The Big Daddy ($20) combines the best of both worlds and includes two pieces of chicken and a fillet of fish with a choice of three sides. The jambalaya ($14.50) is a blend of the Cajun shrimp, chicken and andouille sausage served with rice and topped with red onions. And for those looking for something familiar, the chicken and waffles ($14) are always a safe bet.

Guests are guaranteed to get their hands dirty with these sandwiches. The Catfish Po’Boy ($12) comes with battered catfish filet on a fresh roll with aioli slaw. The Carolina Spicy Chicken Sandwich ($13) is a spicy chicken breast in a brioche bun with aioli slaw.
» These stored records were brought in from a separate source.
(* Consider the FlexPD-C iterates described in the context with $\beta>0$, integer $T\ge1$ and $0<\alpha<1/\rho(B)$, and let $C=\sum_{t=0}^{T-1}(I-\alpha B)^t$, $M=C^{-1}(I-\alpha B)^T$, $N=\frac{1}{\alpha}(C^{-1}-M)$. Then for any $\eta_4>0$ and every $k\ge0$, \[\|x^{k+1}-x^*\|_{P_C}^2+\|x^{k+1}-x^k\|_{Q_C}^2\le\|x^k-x^*\|_M^2-\|x^{k+1}-x^*\|_M^2+\frac{\alpha}{\beta}\Big(\|\lambda^k-\lambda^*\|^2-\|\lambda^{k+1}-\lambda^*\|^2\Big),\] where $P_C=2\alpha mI-\alpha\eta_4I+2\alpha N-\alpha\beta A'A$ and $Q_C=M-\frac{\alpha L^2}{\eta_4}I$.
   Context: Setting: $n$ agents are connected by a connected undirected graph with edge set $\mathcal E$, $\epsilon=|\mathcal E|$. For $x\in\mathbb R^n$ let $f(x)=\sum_{i=1}^n f_i(x_i)$, where each $f_i:\mathbb R\to\mathbb R$ is twice differentiable with $m\le f_i''\le L$ for constants $0<m\le L$; $\nabla f(x)=(f_1'(x_1),\dots,f_n'(x_n))'$. $A\in\mathbb R^{\epsilon\times n}$ is the edge–node incidence matrix (null space spanned by the all-ones vector). $B\in\mathbb R^{n\times n}$ is symmetric positive semidefinite with the same null space as $A$, off-diagonal entries nonzero only on edges; $\rho(B)$ is its largest eigenvalue. $x^*$ is the unique minimizer of $f$ subject to $Ax=0$ and $\lambda^*$ a Lagrange multiplier with $\nabla f(x^* )+A'\lambda^*=0$, $Ax^*=0$, $Bx^*=0$, chosen in the column space of $A$. FlexPD-C: given $\alpha,\beta>0$, $T\ge1$, $x^0$ arbitrary, $\lambda^0=0$; for $k\ge0$: $x^{k+1,0}=x^k$; for $t=1,\dots,T$, $x^{k+1,t}=x^{k+1,t-1}-\alpha\nabla f(x^k)-\alpha A'\lambda^k-\alpha Bx^{k+1,t-1}$; then $x^{k+1}=x^{k+1,T}$, $\lambda^{k+1}=\lambda^k+\beta Ax^{k+1}$. Notation: $\|v\|_S^2:=v'Sv$ for any symmetric $S$; $\|\cdot\|$ Euclidean norm. *)

theory Defs
  imports "HOL-Analysis.Analysis"
begin

text \<open>Matrix power (note: the ring power on vec is componentwise, so we define our own).\<close>
definition matpow :: "real^'n^'n \<Rightarrow> nat \<Rightarrow> real^'n^'n" where
  "matpow S t = ((\<lambda>Z. S ** Z) ^^ t) (mat 1)"

definition sqnorm :: "real^'n^'n \<Rightarrow> real^'n \<Rightarrow> real" where
  "sqnorm S v = v \<bullet> (S *v v)"

definition largest_eig :: "real^'n^'n \<Rightarrow> real" where
  "largest_eig S = Max {l. \<exists>v. v \<noteq> 0 \<and> S *v v = l *\<^sub>R v}"

text \<open>Edge-node incidence matrix of a graph whose edges (indexed by type 'e) have
  endpoints src e and dst e (orientation arbitrary).\<close>
definition incidence :: "('e \<Rightarrow> 'n) \<Rightarrow> ('e \<Rightarrow> 'n) \<Rightarrow> real^'n^'e" where
  "incidence src dst = (\<chi> e i. if i = src e then 1 else if i = dst e then -1 else 0)"

definition adjacent :: "('e \<Rightarrow> 'n) \<Rightarrow> ('e \<Rightarrow> 'n) \<Rightarrow> 'n \<Rightarrow> 'n \<Rightarrow> bool" where
  "adjacent src dst i j \<longleftrightarrow> (\<exists>e. (src e = i \<and> dst e = j) \<or> (src e = j \<and> dst e = i))"

definition simple_graph :: "('e \<Rightarrow> 'n) \<Rightarrow> ('e \<Rightarrow> 'n) \<Rightarrow> bool" where
  "simple_graph src dst \<longleftrightarrow> (\<forall>e. src e \<noteq> dst e) \<and>
     (\<forall>e e'. {src e, dst e} = {src e', dst e'} \<longrightarrow> e = e')"

definition connected_graph :: "('e \<Rightarrow> 'n) \<Rightarrow> ('e \<Rightarrow> 'n) \<Rightarrow> bool" where
  "connected_graph src dst \<longleftrightarrow> (\<forall>i j. (adjacent src dst)\<^sup>*\<^sup>* i j)"

definition grad :: "('n \<Rightarrow> real \<Rightarrow> real) \<Rightarrow> real^'n \<Rightarrow> real^'n" where
  "grad f' x = (\<chi> i. f' i (x $ i))"

fun flexpd :: "(real^'n \<Rightarrow> real^'n) \<Rightarrow> real^'n^'e \<Rightarrow> real^'n^'n \<Rightarrow> real \<Rightarrow> real \<Rightarrow> nat
    \<Rightarrow> real^'n \<Rightarrow> nat \<Rightarrow> (real^'n) \<times> (real^'e)" where
  "flexpd g A B \<alpha> \<beta> T x0 0 = (x0, 0)"
| "flexpd g A B \<alpha> \<beta> T x0 (Suc k) =
     (let (x, l) = flexpd g A B \<alpha> \<beta> T x0 k;
          x' = ((\<lambda>z. z - \<alpha> *\<^sub>R g x - \<alpha> *\<^sub>R (transpose A *v l) - \<alpha> *\<^sub>R (B *v z)) ^^ T) x
      in (x', l + \<beta> *\<^sub>R (A *v x')))"

end

theory Submission
  imports Defs
begin

text \<open>
  With \<open>W = I - \<alpha> B\<close> the \<open>T\<close> inner steps form an affine iteration, so
  \<open>x\<^sup>k\<^sup>+\<^sup>1 = W\<^sup>T x\<^sup>k - \<alpha> C (\<nabla>f(x\<^sup>k) + A' \<lambda>\<^sup>k)\<close> (a matrix power, not a
  transpose), i.e.
  \<open>C\<^sup>-\<^sup>1 x\<^sup>k\<^sup>+\<^sup>1 = M x\<^sup>k - \<alpha> (\<nabla>f(x\<^sup>k) + A' \<lambda>\<^sup>k)\<close>.
  Since \<open>\<alpha> \<rho>(B) < 1\<close>, \<open>W\<close> is positive semidefinite, so \<open>C \<ge> I\<close> is invertible, and
  \<open>C\<^sup>-\<^sup>1\<close> and \<open>M\<close> are symmetric because all matrices involved are polynomials in \<open>W\<close>.
  Subtracting the same relation at the fixed point \<open>(x\<^sup>*, \<lambda>\<^sup>*)\<close> and pairing it with
  \<open>x\<^sup>k\<^sup>+\<^sup>1 - x\<^sup>*\<close> yields an exact identity between the \<open>M\<close>-weighted primal errors,
  the dual errors and \<open>2 \<alpha> \<langle>x\<^sup>k\<^sup>+\<^sup>1 - x\<^sup>*, \<nabla>f(x\<^sup>k) - \<nabla>f(x\<^sup>*)\<rangle>\<close>.
  Splitting the gradient difference at \<open>x\<^sup>k\<^sup>+\<^sup>1\<close>, strong monotonicity (\<open>f\<^sub>i'' \<ge> m\<close>)
  bounds one part and Young's inequality with weight \<open>\<eta>\<^sub>4\<close> together with the Lipschitz
  bound (\<open>f\<^sub>i'' \<le> L\<close>) the other.
\<close>

section \<open>Matrix algebra\<close>

lemma transpose_zero [simp]: "transpose 0 = 0"
  by (simp add: transpose_def vec_eq_iff)

lemma transpose_add: "transpose (X + Y) = transpose X + transpose (Y :: 'a::plus^'n^'m)"
  by (simp add: transpose_def vec_eq_iff)

lemma transpose_diff: "transpose (X - Y) = transpose X - transpose (Y :: 'a::minus^'n^'m)"
  by (simp add: transpose_def vec_eq_iff)

lemma transpose_sum:
  "transpose (\<Sum>t\<in>F. X t) = (\<Sum>t\<in>F. transpose (X t :: 'a::comm_monoid_add^'n^'m))"
  by (induction F rule: infinite_finite_induct) (simp_all add: transpose_add)

lemma matrix_add_rdistrib: "(X + Y) ** Z = X ** Z + Y ** (Z :: 'a::semiring_1^'n^'m)"
  by (simp add: matrix_matrix_mult_def vec_eq_iff sum.distrib distrib_right)

lemma sum_matrix_mult: "(\<Sum>t\<in>F. X t) ** (Z :: 'a::semiring_1^'n^'m) = (\<Sum>t\<in>F. X t ** Z)"
  by (induction F rule: infinite_finite_induct) (simp_all add: matrix_add_rdistrib)

lemma matrix_mult_sum: "(Z :: 'a::semiring_1^'n^'m) ** (\<Sum>t\<in>F. X t) = (\<Sum>t\<in>F. Z ** X t)"
  by (induction F rule: infinite_finite_induct) (simp_all add: matrix_add_ldistrib)

lemma sum_matrix_vector_mult: "(\<Sum>t\<in>F. X t) *v (v :: 'a::semiring_1^'n) = (\<Sum>t\<in>F. X t *v v)"
  by (induction F rule: infinite_finite_induct) (simp_all add: matrix_vector_mult_add_rdistrib)

lemma inner_matrix_vector_symmetric:
  "transpose S = S \<Longrightarrow> x \<bullet> (S *v y) = (S *v x) \<bullet> (y :: real^'n)"
  by (metis dot_lmul_matrix transpose_matrix_vector)

lemma matpow_0 [simp]: "matpow S 0 = mat 1"
  by (simp add: matpow_def)

lemma matpow_Suc: "matpow S (Suc t) = S ** matpow S t"
  by (simp add: matpow_def)

lemma matpow_add: "matpow S (s + t) = matpow S s ** matpow S t"
  by (induction s) (simp_all add: matpow_Suc matrix_mul_assoc)

lemma matpow_commute: "matpow S s ** matpow S t = matpow S t ** matpow S s"
  by (metis matpow_add add.commute)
“The program is the process and I am very particular about how everything goes out,” Buze says.

Until January 2018, Buze spent 15 successful years in car sales. However, he knew his passion was food.

“I always dabbled in food. I had a couple of gourmet food trucks, but I never really committed myself to a restaurant,” Buze says.

Buze took the food plunge after telling his boss he was leaving to open a restaurant. Root & Soul was founded at the now-closed DeSoto Central Market. When the market closed abruptly in August 2018, Buze found himself locked out.

“(An employee) called me at 8 o’clock in the morning and says ‘hey, have you heard? Root & Soul is locked up,’ and I get in my car, fly down there and the doors are locked and chained up,” Buze says.

Root & Soul soon relocated to Scottsdale and the community has responded well.

“What is unique about this place is the food and the atmosphere. It is a place where you’re very comfortable sitting and relaxing and when most people eat here, they usually stay for like an hour,” Buze says.

Buze may be passionate and devoted to Root & Soul, but it won’t be his only restaurant. He is already looking at different concepts so he can be remembered as a food entrepreneur.

“I want my legacy to be that of a food entrepreneur who has several concepts,” Buze says. “I want my legacy to be very diversified.”